» Task item:
May I have, exactly as written, the line containing "using convergent \<rho>" and every line after it through the end of the listing below, and nothing else?

» The data:
== Segment start ==
(* Suppose $p_{\max}\cdot d_{\max}<1$. Then there exist constants $R,\rho>0$ (depending only on $p_{\max}$ and $d_{\max}$) such that for any $L>0$, for every round $t$ of the adaptive seeding process (under any seeding rule and any prior history), the probability that the number of nodes newly activated in round $t$ exceeds $L$ is at most $Re^{-\rho L}$.
   Context: Setting: adaptive seeding on a finite directed graph $\mathcal G=(\mathcal V,\mathcal E)$ with influence probabilities $\bar w(e)$, one seed per round, each round's diffusion following the independent cascade model on the current graph (where arcs into nodes that have acted as non-seed activated nodes, i.e. intermediaries, in earlier rounds have been removed; independent-cascade coin flips are independent across arcs and rounds). $p_{\max}=\max_{e\in\mathcal E}\bar w(e)$ and $d_{\max}$ is the maximum out-degree of a node in $\mathcal G$. A node is newly activated in round $t$ if it is activated in round $t$ and was not activated in any earlier round. *)

theory Defs
  imports "HOL-Probability.Probability"
begin

text \<open>A history of the adaptive seeding process is the list of completed rounds,
  each recorded as (seed of the round, set of nodes activated in that round).\<close>

type_synonym 'a history = "('a \<times> 'a set) list"
(* Let $G$ be a finite simple graph of order $p$ and size $q$ with $p\geq 4$ and $q\geq p+1$. Then $G$ contains either a cycle of even length or two edge-disjoint cycles of odd length. *)

theory Defs
  imports Main
begin

definition simple_graph :: "'a set \<Rightarrow> 'a set set \<Rightarrow> bool" where
  "simple_graph V E \<longleftrightarrow> finite V \<and>
     (\<forall>e\<in>E. \<exists>u v. u \<in> V \<and> v \<in> V \<and> u \<noteq> v \<and> e = {u, v})"

definition is_cycle :: "'a set \<Rightarrow> 'a set set \<Rightarrow> 'a list \<Rightarrow> bool" where
  "is_cycle V E vs \<longleftrightarrow> 3 \<le> length vs \<and> distinct vs \<and> set vs \<subseteq> V \<and>
     (\<forall>i < length vs. {vs ! i, vs ! ((i + 1) mod length vs)} \<in> E)"

definition cycle_edges :: "'a list \<Rightarrow> 'a set set" where
  "cycle_edges vs = {{vs ! i, vs ! ((i + 1) mod length vs)} | i. i < length vs}"

end

theory Submission
  imports Defs
begin

text \<open>Two cycles with different edge sets always exist: \<open>q \<ge> p\<close> already forces a cycle
  (strip vertices of degree at most one; then a longest path closes up into a cycle), and deleting
  one edge of that cycle keeps \<open>q \<ge> p\<close>. If both cycles are odd, their symmetric difference is a
  nonempty edge set of even size in which every vertex has even degree. Such a set contains a
  cycle \<open>C\<close>; if \<open>C\<close> is odd, removing its edges leaves an even-degree set of odd, hence nonzero,
  size, which contains a second cycle, edge-disjoint from \<open>C\<close>.\<close>

definition cycle_edge :: "'a list \<Rightarrow> nat \<Rightarrow> 'a set" where
  "cycle_edge vs i = {vs ! i, vs ! ((i + 1) mod length vs)}"

lemma cycle_edges_eq_image: "cycle_edges vs = cycle_edge vs ` {..<length vs}"
  unfolding cycle_edges_def cycle_edge_def by auto

definition cycle_in :: "'a set set \<Rightarrow> 'a list \<Rightarrow> bool" where
  "cycle_in D vs \<longleftrightarrow> 3 \<le> length vs \<and> distinct vs \<and> cycle_edges vs \<subseteq> D"

lemma cycle_in_mono: "D \<subseteq> D' \<Longrightarrow> cycle_in D vs \<Longrightarrow> cycle_in D' vs"
  unfolding cycle_in_def by blast

lemma set_subset_Union_cycle_edges: "set vs \<subseteq> \<Union>(cycle_edges vs)"
proof
  fix x assume "x \<in> set vs"
  then obtain i where "i < length vs" "x = vs ! i" by (metis in_set_conv_nth)
  then show "x \<in> \<Union>(cycle_edges vs)"
    unfolding cycle_edges_eq_image cycle_edge_def by blast
qed

lemma is_cycle_iff_cycle_in:
  assumes "\<Union>E \<subseteq> V"
  shows "is_cycle V E vs \<longleftrightarrow> cycle_in E vs"
proof -
  have "cycle_edges vs \<subseteq> E \<Longrightarrow> set vs \<subseteq> V"
    using set_subset_Union_cycle_edges[of vs] assms by blast
  then show ?thesis
    unfolding is_cycle_def cycle_in_def cycle_edges_def by blast
qed

lemma inj_on_cycle_edge:
  assumes "3 \<le> length vs" "distinct vs"
  shows "inj_on (cycle_edge vs) {..<length vs}"
proof
  let ?n = "length vs"
  fix i j assume i: "i \<in> {..<?n}" and j: "j \<in> {..<?n}" and eq: "cycle_edge vs i = cycle_edge vs j"
  have index_eq: "vs ! k = vs ! l \<longleftrightarrow> k = l" if "k < ?n" "l < ?n" for k l
    using that assms(2) nth_eq_iff_index_eq by blast
  have succ: "(k + 1) mod ?n < ?n" for k
    using assms(1) by (intro mod_less_divisor) linarith
  show "i = j"
  proof (rule ccontr)
    assume "i \<noteq> j"
    with eq have "i = (j + 1) mod ?n" "j = (i + 1) mod ?n"
      using i j succ unfolding cycle_edge_def doubleton_eq_iff by (auto simp: index_eq)
    then have "i mod ?n = (i + 2) mod ?n"
      using i by (simp add: mod_Suc_eq)
    then have "?n dvd 2"
      by (metis le_add1 mod_eq_dvd_iff_nat add_diff_cancel_left')
    with assms(1) show False
      using dvd_imp_le[of ?n 2] by linarith
  qed
qed

lemma card_cycle_edges:
  assumes "3 \<le> length vs" "distinct vs"
  shows "card (cycle_edges vs) = length vs"
  unfolding cycle_edges_eq_image using card_image[OF inj_on_cycle_edge[OF assms]] by simp

definition incident_edges :: "'a set set \<Rightarrow> 'a \<Rightarrow> 'a set set" where
  "incident_edges D x = {e \<in> D. x \<in> e}"

definition even_degrees :: "'a set set \<Rightarrow> bool" where
  "even_degrees D \<longleftrightarrow> (\<forall>x. even (card (incident_edges D x)))"

lemma inj_on_Suc_mod: "inj_on (\<lambda>i. (i + 1) mod n) {..<(n::nat)}"
  by (auto simp: inj_on_def mod_Suc split: if_splits)

lemma image_Suc_mod_lessThan: "0 < n \<Longrightarrow> (\<lambda>i. (i + 1) mod n) ` {..<n} = {..<(n::nat)}"
  by (intro endo_inj_surj inj_on_Suc_mod) auto

lemma card_lessThan_Suc_mod:
  assumes "0 < n"
  shows "card {i \<in> {..<n}. P ((i + 1) mod n)} = card {i \<in> {..<(n::nat)}. P i}"
proof -
  let ?succ = "\<lambda>i. (i + 1) mod n"
  have "?succ ` {i \<in> {..<n}. P (?succ i)} = {i \<in> ?succ ` {..<n}. P i}"
    by auto
  moreover have "inj_on ?succ {i \<in> {..<n}. P (?succ i)}"
    by (rule inj_on_subset[OF inj_on_Suc_mod]) auto
  ultimately show ?thesis
    using image_Suc_mod_lessThan[OF assms] card_image by fastforce
qed

lemma even_degrees_cycle_edges:
  assumes "3 \<le> length vs" "distinct vs"
  shows "even_degrees (cycle_edges vs)"
  unfolding even_degrees_def
proof
  fix x
  let ?n = "length vs"
  define A where "A = {i \<in> {..<?n}. vs ! i = x}"
  define B where "B = {i \<in> {..<?n}. vs ! ((i + 1) mod ?n) = x}"
  have "A \<inter> B = {}"
  proof (rule equals0I)
    fix i assume "i \<in> A \<inter> B"
    then have "i < ?n" "vs ! ((i + 1) mod ?n) = vs ! i"
      unfolding A_def B_def by auto
    moreover have "i \<noteq> (i + 1) mod ?n" "(i + 1) mod ?n < ?n"
      using \<open>i < ?n\<close> assms(1) by (auto simp: mod_Suc)
    ultimately show False
      using assms(2) nth_eq_iff_index_eq by metis
  qed
  moreover have "card B = card A"
    unfolding A_def B_def using assms(1) by (intro card_lessThan_Suc_mod) auto
  ultimately have card_A_Un_B: "card (A \<union> B) = 2 * card A"
    by (simp add: card_Un_disjoint A_def B_def)
  have "incident_edges (cycle_edges vs) x = cycle_edge vs ` (A \<union> B)"
    unfolding incident_edges_def cycle_edges_eq_image cycle_edge_def A_def B_def by auto
  moreover have "inj_on (cycle_edge vs) (A \<union> B)"
    by (rule inj_on_subset[OF inj_on_cycle_edge[OF assms]]) (auto simp: A_def B_def)
  ultimately show "even (card (incident_edges (cycle_edges vs) x))"
    using card_A_Un_B by (simp add: card_image)
qed
(* Let $G$, $k\ge 3$, the choice strings $c_{i,j}$, the template string $t$, $L$ and $d$ be as in the binary construction in the context, and let $s\in\{0,1\}^L$ be a solution, i.e. $t$ and every choice string $c_{i,j}$ ($1\le i<j\le k$) have a substring of length $L$ at Hamming distance at most $d$ from $s$. Then the encoding part of $s$ contains exactly $k$ symbols $1$.
   Context: Let $G=(V,E)$ be an undirected simple graph with $V=\{v_1,\dots,v_n\}$ and edge set $E=\{e_1,\dots,e_m\}$, and let $k\ge 3$ be an integer; put $N=\binom{k}{2}$ and $b=nk-2k+2$. All strings are over $\{0,1\}$. For $1\le p\le n$ let $\mathrm{number}(p)=0^{p-1}10^{n-p}$. Let $\mathrm{front\_tag}=(1^{3nk}0)^{nk}$ (length $(3nk+1)nk$). Order the pairs $(i,j)$, $1\le i<j\le k$, lexicographically and let $i'$ be the position of $(i,j)$ in this order. For an edge $e$ joining $v_r,v_s$ with $r<s$ let $\mathrm{encode}(i,j,e)=(0^n)^{i-1}\,\mathrm{number}(r)\,(0^n)^{j-i-1}\,\mathrm{number}(s)\,(0^n)^{k-j}$, $\mathrm{back\_tag}(i')=0^{(i'-1)b}1^{b}0^{(N-i')b}$, and $\mathrm{block}(i,j,e)=\mathrm{front\_tag}\,\mathrm{encode}(i,j,e)\,\mathrm{back\_tag}(i')$. The choice string is $c_{i,j}=\mathrm{block}(i,j,e_1)\cdots\mathrm{block}(i,j,e_m)$. The template string is $t=\mathrm{front\_tag}\,1^{nk}\,0^{Nb}$. Set $L=(3nk+1)nk+nk+Nb$ and $d=nk-k$. For a string $s$ of length $L$, its encoding part is the substring of its positions $(3nk+1)nk+1,\dots,(3nk+1)nk+nk$. *)

theory Defs
  imports Main
begin

text \<open>Binary strings are lists of booleans: False = 0, True = 1.
  Positions are 1-based in the paper; lists are 0-based here.\<close>

definition zeros :: "nat \<Rightarrow> bool list" where "zeros l = replicate l False"
definition ones :: "nat \<Rightarrow> bool list" where "ones l = replicate l True"

definition number :: "nat \<Rightarrow> nat \<Rightarrow> bool list" where
  "number n p = zeros (p - 1) @ [True] @ zeros (n - p)"

definition front_tag :: "nat \<Rightarrow> nat \<Rightarrow> bool list" where
  "front_tag n k = concat (replicate (n*k) (ones (3*n*k) @ [False]))"

definition NN :: "nat \<Rightarrow> nat" where "NN k = k choose 2"

definition bb :: "nat \<Rightarrow> nat \<Rightarrow> nat" where "bb n k = n*k - 2*k + 2"

definition pairs :: "nat \<Rightarrow> (nat \<times> nat) list" where
  "pairs k = concat (map (\<lambda>i. map (\<lambda>j. (i,j)) [i+1..<k+1]) [1..<k+1])"

definition pair_pos :: "nat \<Rightarrow> nat \<Rightarrow> nat \<Rightarrow> nat" where
  "pair_pos k i j = length (takeWhile (\<lambda>p. p \<noteq> (i,j)) (pairs k)) + 1"

text \<open>An edge is a pair (r,s) of vertex indices with r < s.\<close>
definition encode :: "nat \<Rightarrow> nat \<Rightarrow> nat \<Rightarrow> nat \<Rightarrow> nat \<times> nat \<Rightarrow> bool list" where
  "encode n k i j e = concat (replicate (i-1) (zeros n)) @ number n (fst e)
     @ concat (replicate (j-i-1) (zeros n)) @ number n (snd e)
     @ concat (replicate (k-j) (zeros n))"
lemma upper_ones_null_singular_vectors:
  assumes svd: "svd_on {a..<b} M U Sg V"
    and M: "\<forall>i\<in>{a..<b}. \<forall>j\<in>{a..<b}. M i j = strict_upper_ones i j"
    and p: "p \<in> {a..<b}" and null: "Sg p p = 0"
  shows "\<forall>j\<in>{a..<b}. j \<noteq> a \<longrightarrow> V j p = 0" and "(V a p)\<^sup>2 = 1"
    and "\<forall>i\<in>{a..<b}. i \<noteq> b - 1 \<longrightarrow> U i p = 0" and "(U (b - 1) p)\<^sup>2 = 1"
proof -
  have ab: "a < b" using p by simp
  have oU: "orthogonal_on {a..<b} U" and oV: "orthogonal_on {a..<b} V"
    using svd by (auto simp: svd_on_def)
  note pair = upper_ones_singular_pair[OF svd M p, unfolded null]
  show V: "\<forall>j\<in>{a..<b}. j \<noteq> a \<longrightarrow> V j p = 0"
  proof (intro ballI impI)
    fix j assume "j \<in> {a..<b}" "j \<noteq> a"
    then show "V j p = 0"
      using suffix_sums_diff[OF pair(1), of "j - 1"] by (cases j) auto
  qed
  show U: "\<forall>i\<in>{a..<b}. i \<noteq> b - 1 \<longrightarrow> U i p = 0"
  proof (intro ballI impI)
    fix i assume "i \<in> {a..<b}" "i \<noteq> b - 1"
    then show "U i p = 0" using prefix_sums_diff[OF pair(2), of i] by auto
  qed
  have "(\<Sum>l\<in>{a..<b}. (V l p)\<^sup>2) = (V a p)\<^sup>2" using V ab by (intro sum_eq_single) auto
  then show "(V a p)\<^sup>2 = 1" using orthogonal_on_column_norm[OF oV p] by simp
  have "(\<Sum>l\<in>{a..<b}. (U l p)\<^sup>2) = (U (b - 1) p)\<^sup>2" using U ab by (intro sum_eq_single) auto
  then show "(U (b - 1) p)\<^sup>2 = 1" using orthogonal_on_column_norm[OF oU p] by simp
qed
theorem theorem6:
  fixes A :: "nat \<times> nat \<Rightarrow> real^'b^'b" and N :: nat and S :: "(nat \<times> nat) set"
    and beta :: "nat \<times> nat \<Rightarrow> nat" and xs :: "nat \<times> nat \<Rightarrow> real^'b^'b" and shat :: nat
  assumes "S \<subseteq> {..<N} \<times> {..<N}"
    and "\<forall>j<N. (j, j) \<in> S"
    and "bij_betw beta S {1..card S}"
    and "in_DB N xs"
    and "\<forall>ij\<in>S. bilu_H A S xs ij = xs ij"
  shows "\<exists>\<delta>>0. \<forall>s u x. admissible_shifts S shat s \<longrightarrow> admissible_update S u
           \<longrightarrow> is_async_iter A S beta s u x
           \<longrightarrow> (\<forall>ij\<in>S. dist (x 1 ij) (xs ij) < \<delta>)
           \<longrightarrow> (\<forall>k\<ge>1. in_DB N (async_mix s x k)) \<and> (\<forall>ij\<in>S. (\<lambda>k. x k ij) \<longlonglongrightarrow> xs ij)"
proof -
  have "finite S"
    using assms(1) finite_subset by blast
  have diagonal: "(j, j) \<in> S \<and> invertible (xs (j, j))" if "(i, j) \<in> S" "j < i" for i j
    using assms(1,2,4) that by (auto simp: in_DB_def)
  then have "level_triangular (bilu_H A S) S bilu_level"
    by (intro bilu_H_level_triangular) blast
  obtain \<rho> where "\<rho> > 0" and \<rho>: "\<forall>z. blockwise_close S \<rho> z xs \<longrightarrow> in_DB N z"
    using in_DB_blockwise_neighbourhood assms(2,4) by blast
  have "\<exists>\<delta>>0. \<forall>z. blockwise_close S \<delta> z xs \<longrightarrow> blockwise_close S \<epsilon> (bilu_H A S z) (bilu_H A S xs)"
    if "\<epsilon> > 0" for \<epsilon>
    using \<open>finite S\<close> diagonal that by (rule bilu_H_blockwise_continuous)
  from async_iteration_locally_convergent[OF \<open>finite S\<close> \<open>level_triangular _ _ _\<close> assms(5) this \<open>\<rho> > 0\<close>]
  obtain \<delta> where "\<delta> > 0" and convergent:
    "\<forall>s u x. admissible_shifts S shat s \<longrightarrow> (\<forall>ab\<in>S. \<forall>k. \<exists>l>k. u l = beta ab)
       \<longrightarrow> is_async_iter A S beta s u x \<longrightarrow> blockwise_close S \<delta> (x 1) xs
       \<longrightarrow> (\<forall>k\<ge>1. blockwise_close S \<rho> (async_mix s x k) xs) \<and> (\<forall>ij\<in>S. (\<lambda>k. x k ij) \<longlonglongrightarrow> xs ij)"
    unfolding is_async_iter_iff_async_iteration by blast
  have "(\<forall>k\<ge>1. in_DB N (async_mix s x k)) \<and> (\<forall>ij\<in>S. (\<lambda>k. x k ij) \<longlonglongrightarrow> xs ij)"
    if "admissible_shifts S shat s" "admissible_update S u" "is_async_iter A S beta s u x"
      "\<forall>ij\<in>S. dist (x 1 ij) (xs ij) < \<delta>" for s u x
    using convergent \<rho> that admissible_update_fair[OF _ assms(3)] blockwise_close_if_dist_less by blast
  with \<open>\<delta> > 0\<close> show ?thesis
    by blast
qed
== Segment end ==
» Finished task:
    using convergent \<rho> that admissible_update_fair[OF _ assms(3)] blockwise_close_if_dist_less by blast
  with \<open>\<delta> > 0\<close> show ?thesis
    by blast
qed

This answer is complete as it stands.